Python Quick Start

March 24, 2025 ยท View on GitHub

First, set up Temporal prerequisites

You'll also need python (I've tested with 3.10).

You can use poetry (easiest) or pip.

Instructions if you use poetry

poetry is supported.

If you don't already have poetry:

python -m pip install poetry

or

pipx install poetry

Clone batch-orchestra and pull the latest source.

Then, run the following from the python directory:

poetry install

That loads all required dependencies.

Make sure temporal-server is running on localhost:7233 (the default)

Set up a temporal server (at localhost:7233) .

Then use pytest to run the tests:

poetry run pytest tests/

You may also run the samples, which are currently the best place to get an idea of how to implement. See the samples README

Instructions if you use pip

Run the following from the python directory:

Create a virtual environment for isolation

python -m venv my_batch_orchestra_env
source my_batch_orchestra_env/bin/activate

Install production dependencies:

pip install -e .

If you want to run tests and samples:

pip install -r requirements-dev.txt

Then use pytest to run the tests:

pytest tests/

You may also run the samples, which are currently the best place to get an idea of how to implement. See the samples README

Page processors

The main thing you implement is a page processor annotated with @page_processor. See InflateProductPrices in the sample for an example of a page processor.
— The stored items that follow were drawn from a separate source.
(* Let $\mathcal{L}$ be a countable language, let $\phi$ be an $\mathcal{L}_{\omega_1,\omega}$-sentence and let $\alpha<\omega_1$. Assume that for every $\gamma<\alpha$ the set $\Psi_\gamma(\phi)$ is countable (so that $X_\alpha(\phi)$ is a standard Borel space). Then (1) the function $Mod(\phi)\times\omega^{<\omega}\to X_\alpha(\phi)$ given by $(\mathcal{M},\vec a)\mapsto \phi^{\vec a,\mathcal{M}}_\alpha$ is Borel, and (2) $\Psi_\alpha(\phi)$ and $\Phi_\alpha(\phi)$ are $\mathbf{\Sigma}^1_1$ subsets of $X_\alpha(\phi)$.
   Context: $\mathcal{L}_{\omega_1,\omega}$ is the infinitary logic over $\mathcal{L}$ with countable conjunctions/disjunctions and finite quantifier strings. $Mod(\mathcal{L})$ is the set of $\mathcal{L}$-structures with universe $\mathbb{N}$, with the topology whose basic open sets are $\{M\in Mod(\mathcal{L}) \mid M\models\varphi(n_1,\dots,n_m)\}$ for quantifier-free $\varphi$ and $n_1,\dots,n_m\in\mathbb{N}$; it is Polish. For a sentence $\sigma$, $Mod(\sigma)$ is the set of members of $Mod(\mathcal{L})$ satisfying $\sigma$, a standard Borel space with the inherited Borel structure. Elements of $\omega^{<\omega}$ are finite tuples $\vec a$ of elements of $\mathbb{N}$. $\alpha$-types: for a countable structure $\mathcal{M}$ and a finite tuple $\vec a$ from $\mathcal{M}$ (with $\vec x$ a tuple of variables of the same length), define formulas by recursion: $\phi^{\vec a,\mathcal{M}}_0(\vec x)=\bigwedge\{\psi(\vec x)\mid \psi$ atomic or negated atomic, $\mathcal{M}\models\psi(\vec a)\}$; $\phi^{\vec a,\mathcal{M}}_{\alpha+1}=\phi^{\vec a,\mathcal{M}}_\alpha\wedge\bigwedge\{\exists\vec y\,\phi^{\vec a\frown\vec b,\mathcal{M}}_\alpha(\vec x,\vec y)\mid \vec b$ a finite tuple from $\mathcal{M}\}\wedge\bigwedge_n\forall y_0\dots y_n\bigvee\{\phi^{\vec a\frown\vec b,\mathcal{M}}_\alpha(\vec x,y_0,\dots,y_n)\mid\vec b\in\mathcal{M}^{n+1}\}$; $\phi^{\vec a,\mathcal{M}}_\lambda=\bigwedge_{\alpha<\lambda}\phi^{\vec a,\mathcal{M}}_\alpha$ for limit $\lambda$. Formulas are compared syntactically. $\Psi_\alpha(\phi)=\{\phi^{\vec a,\mathcal{M}}_\alpha\mid \mathcal{M}$ countable, $\mathcal{M}\models\phi$, $\vec a$ a tuple from $\mathcal{M}\}$ and $\Phi_\alpha(\phi)=\{\phi^{\emptyset,\mathcal{M}}_\alpha\mid \mathcal{M}$ countable, $\mathcal{M}\models\phi\}$. The space $X_\alpha(\phi)$: for $\alpha=0$, $X_0(\phi)=2^A$ where $A$ is the (countable) set of atomic and negated atomic formulas, and $\phi^{\vec a,\mathcal{M}}_0$ is identified with $\{\psi\in A\mid\mathcal{M}\models\psi(\vec a)\}$; for $\alpha=\gamma+1$, $X_\alpha(\phi)=2^{\Psi_\gamma(\phi)}$ and $\phi^{\vec a,\mathcal{M}}_{\gamma+1}$ is identified with $\{\phi^{\vec a\frown\vec b,\mathcal{M}}_\gamma\mid\vec b$ a finite tuple from $\mathcal{M}\}$; for $\alpha$ limit, $X_\alpha(\phi)=2^{\bigcup_{\gamma<\alpha}\Psi_\gamma(\phi)}$ and $\phi^{\vec a,\mathcal{M}}_\alpha$ is identified with $\{\phi^{\vec a,\mathcal{M}}_\gamma\mid\gamma<\alpha\}$. Via these identifications $\Psi_\alpha(\phi),\Phi_\alpha(\phi)\subseteq X_\alpha(\phi)$; when the index set is countable, $X_\alpha(\phi)$ carries the product (Cantor) topology and is a standard Borel space. *)

theory Defs
  imports "HOL-Analysis.Analysis" "HOL-Probability.Probability" "HOL-Library.Countable_Set_Type"
begin

record lang =
  fsym :: "nat \<Rightarrow> nat option"   \<comment> \<open>Some n: function symbol of arity n (n = 0: constant)\<close>
  rsym :: "nat \<Rightarrow> nat option"   \<comment> \<open>Some n: relation symbol of arity n\<close>

datatype trm = Var nat | App nat "trm list"

fun wf_trm :: "lang \<Rightarrow> trm \<Rightarrow> bool" where
  "wf_trm L (Var i) = True"
| "wf_trm L (App f ts) = (fsym L f = Some (length ts) \<and> (\<forall>t\<in>set ts. wf_trm L t))"

fun tvars :: "trm \<Rightarrow> nat set" where
  "tvars (Var i) = {i}"
| "tvars (App f ts) = (\<Union>t\<in>set ts. tvars t)"

datatype form =
    FEq trm trm
  | FRel nat "trm list"
  | FNeg form
  | FConj "form cset"
  | FDisj "form cset"
  | FEx nat form
  | FAll nat form

primrec wf_form :: "lang \<Rightarrow> form \<Rightarrow> bool" where
  "wf_form L (FEq s t) = (wf_trm L s \<and> wf_trm L t)"
| "wf_form L (FRel R ts) = (rsym L R = Some (length ts) \<and> (\<forall>t\<in>set ts. wf_trm L t))"
| "wf_form L (FNeg p) = wf_form L p"
| "wf_form L (FConj S) = (\<forall>b\<in>rcset (cimage (wf_form L) S). b)"
| "wf_form L (FDisj S) = (\<forall>b\<in>rcset (cimage (wf_form L) S). b)"
| "wf_form L (FEx i p) = wf_form L p"
| "wf_form L (FAll i p) = wf_form L p"

primrec fv :: "form \<Rightarrow> nat set" where
  "fv (FEq s t) = tvars s \<union> tvars t"
| "fv (FRel R ts) = (\<Union>t\<in>set ts. tvars t)"
| "fv (FNeg p) = fv p"
| "fv (FConj S) = \<Union> (rcset (cimage fv S))"
| "fv (FDisj S) = \<Union> (rcset (cimage fv S))"
| "fv (FEx i p) = fv p - {i}"
| "fv (FAll i p) = fv p - {i}"

primrec qf_fin :: "form \<Rightarrow> bool" where
  "qf_fin (FEq s t) = True"
| "qf_fin (FRel R ts) = True"
| "qf_fin (FNeg p) = qf_fin p"
| "qf_fin (FConj S) = (finite (rcset S) \<and> (\<forall>b\<in>rcset (cimage qf_fin S). b))"
| "qf_fin (FDisj S) = (finite (rcset S) \<and> (\<forall>b\<in>rcset (cimage qf_fin S). b))"
| "qf_fin (FEx i p) = False"
| "qf_fin (FAll i p) = False"

definition is_sentence :: "lang \<Rightarrow> form \<Rightarrow> bool" where
  "is_sentence L p \<longleftrightarrow> wf_form L p \<and> fv p = {}"

definition atomic_L :: "lang \<Rightarrow> form set" where
  "atomic_L L = {FEq s t |s t. wf_trm L s \<and> wf_trm L t}
     \<union> {FRel R ts |R ts. rsym L R = Some (length ts) \<and> (\<forall>t\<in>set ts. wf_trm L t)}"

definition Atoms :: "lang \<Rightarrow> form set" where
  "Atoms L = atomic_L L \<union> FNeg ` atomic_L L"

record struc =
  univ :: "nat set"
  fint :: "nat \<Rightarrow> nat list \<Rightarrow> nat"
  rint :: "nat \<Rightarrow> nat list \<Rightarrow> bool"

text \<open>L-structures, with a canonical (junk-free) representation outside the intended domain.\<close>
definition is_struc :: "lang \<Rightarrow> struc \<Rightarrow> bool" where
  "is_struc L M \<longleftrightarrow> univ M \<noteq> {}
     \<and> (\<forall>f xs. fsym L f = Some (length xs) \<and> set xs \<subseteq> univ M \<longrightarrow> fint M f xs \<in> univ M)
     \<and> (\<forall>f xs. \<not> (fsym L f = Some (length xs) \<and> set xs \<subseteq> univ M) \<longrightarrow> fint M f xs = 0)
     \<and> (\<forall>R xs. \<not> (rsym L R = Some (length xs) \<and> set xs \<subseteq> univ M) \<longrightarrow> \<not> rint M R xs)"

fun eval :: "struc \<Rightarrow> (nat \<Rightarrow> nat) \<Rightarrow> trm \<Rightarrow> nat" where
  "eval M v (Var i) = v i"
| "eval M v (App f ts) = fint M f (map (eval M v) ts)"

primrec sat :: "struc \<Rightarrow> form \<Rightarrow> (nat \<Rightarrow> nat) \<Rightarrow> bool" where
  "sat M (FEq s t) = (\<lambda>v. eval M v s = eval M v t)"
| "sat M (FRel R ts) = (\<lambda>v. rint M R (map (eval M v) ts))"
| "sat M (FNeg p) = (\<lambda>v. \<not> sat M p v)"
| "sat M (FConj S) = (\<lambda>v. \<forall>g\<in>rcset (cimage (sat M) S). g v)"
| "sat M (FDisj S) = (\<lambda>v. \<exists>g\<in>rcset (cimage (sat M) S). g v)"
| "sat M (FEx i p) = (\<lambda>v. \<exists>u\<in>univ M. sat M p (v(i := u)))"
| "sat M (FAll i p) = (\<lambda>v. \<forall>u\<in>univ M. sat M p (v(i := u)))"

definition sat_tuple :: "struc \<Rightarrow> form \<Rightarrow> nat list \<Rightarrow> bool" where
  "sat_tuple M p a = sat M p (\<lambda>i. a ! i)"

definition ModL :: "lang \<Rightarrow> struc set" where
  "ModL L = {M. is_struc L M \<and> univ M = UNIV}"

definition basic_open :: "lang \<Rightarrow> struc set set" where
  "basic_open L = {{M \<in> ModL L. sat_tuple M p ns} |p ns.
      qf_fin p \<and> wf_form L p \<and> fv p \<subseteq> {..<length ns}}"

text \<open>The basis is countable, so the Borel sets of Mod(L) are exactly the
  sigma-algebra generated by the basic open sets.\<close>
definition ModL_M :: "lang \<Rightarrow> struc measure" where
  "ModL_M L = sigma (ModL L) (basic_open L)"

definition Mod_phi :: "lang \<Rightarrow> form \<Rightarrow> struc set" where
  "Mod_phi L p = {M \<in> ModL L. sat M p (\<lambda>_. 0)}"

definition Mod_phi_M :: "lang \<Rightarrow> form \<Rightarrow> struc measure" where
  "Mod_phi_M L p = restrict_space (ModL_M L) (Mod_phi L p)"

section \<open>Countable ordinals: alpha is the order type of the strict initial
  segment below an element x of a well-order r on a subset of nat\<close>

definition below :: "nat rel \<Rightarrow> nat \<Rightarrow> nat set" where
  "below r x = {y. (y, x) \<in> r \<and> y \<noteq> x}"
Setting up your Temporal Worker

Your Worker that processes batches will be a standard Temporal Worker with one tweak.

You need to do three things

  • Register the workflow BatchOrchestrator
  • Register the activity, process_page, a generic framework function that will call functions you've annotated with @page_processor.
  • Create a BatchWorkerClient, using your Worker's temporal client, like so: temporal_client = BatchWorkerClient.register(temporal_client)

See here for an example.

Custom trackers

If you want, you can track your batch's progress without doing any tracking on your client. The batch orchestrator will periodically call your tracker so it can report what's been going on so far. Create a function annotated with @batch_tracker. In that function, you can do whatever you want, such as writing the progress to a database.

@batch_tracker
async def my_tracker(context: BatchTrackerContext):
    record_my_progress(context.progress)

Contributor's guide

VSCode developers

To set up development in VSCode, you'll want to make poetry's python your interpreter so it can find all the modules. To put the interpreter path on your clipboard, run

poetry env info --path | pbcopy

Then, in VSCode run Cmd/Ctrl-Shift-P, choose Python: Select Interpreter, Select at Workspace Level, and Enter interpreter path.... Copy your payload in.

Reviewer's guide

Some things to keep an eye on/ that I want to tackle before the initial release

  • Should pass cursors as raw rather than str?
  • Harmonize with python best practices. (What did I miss?)

Linting / formatting

We use ruff for linting and formatting. It is not enforced in CI, but you can run it locally like so:

poetry run ruff format
poetry run ruff check

Roadmap

  • Error handling
    • Call a handler when there are initial failures, to be used for notifications and such.
    • Allow users to designate individual records as failures and proceed with the rest of their page.
  • Reducer
    • In MapReduce terms, batch orchestra is currently a Map operation. We want to add a Reduce step.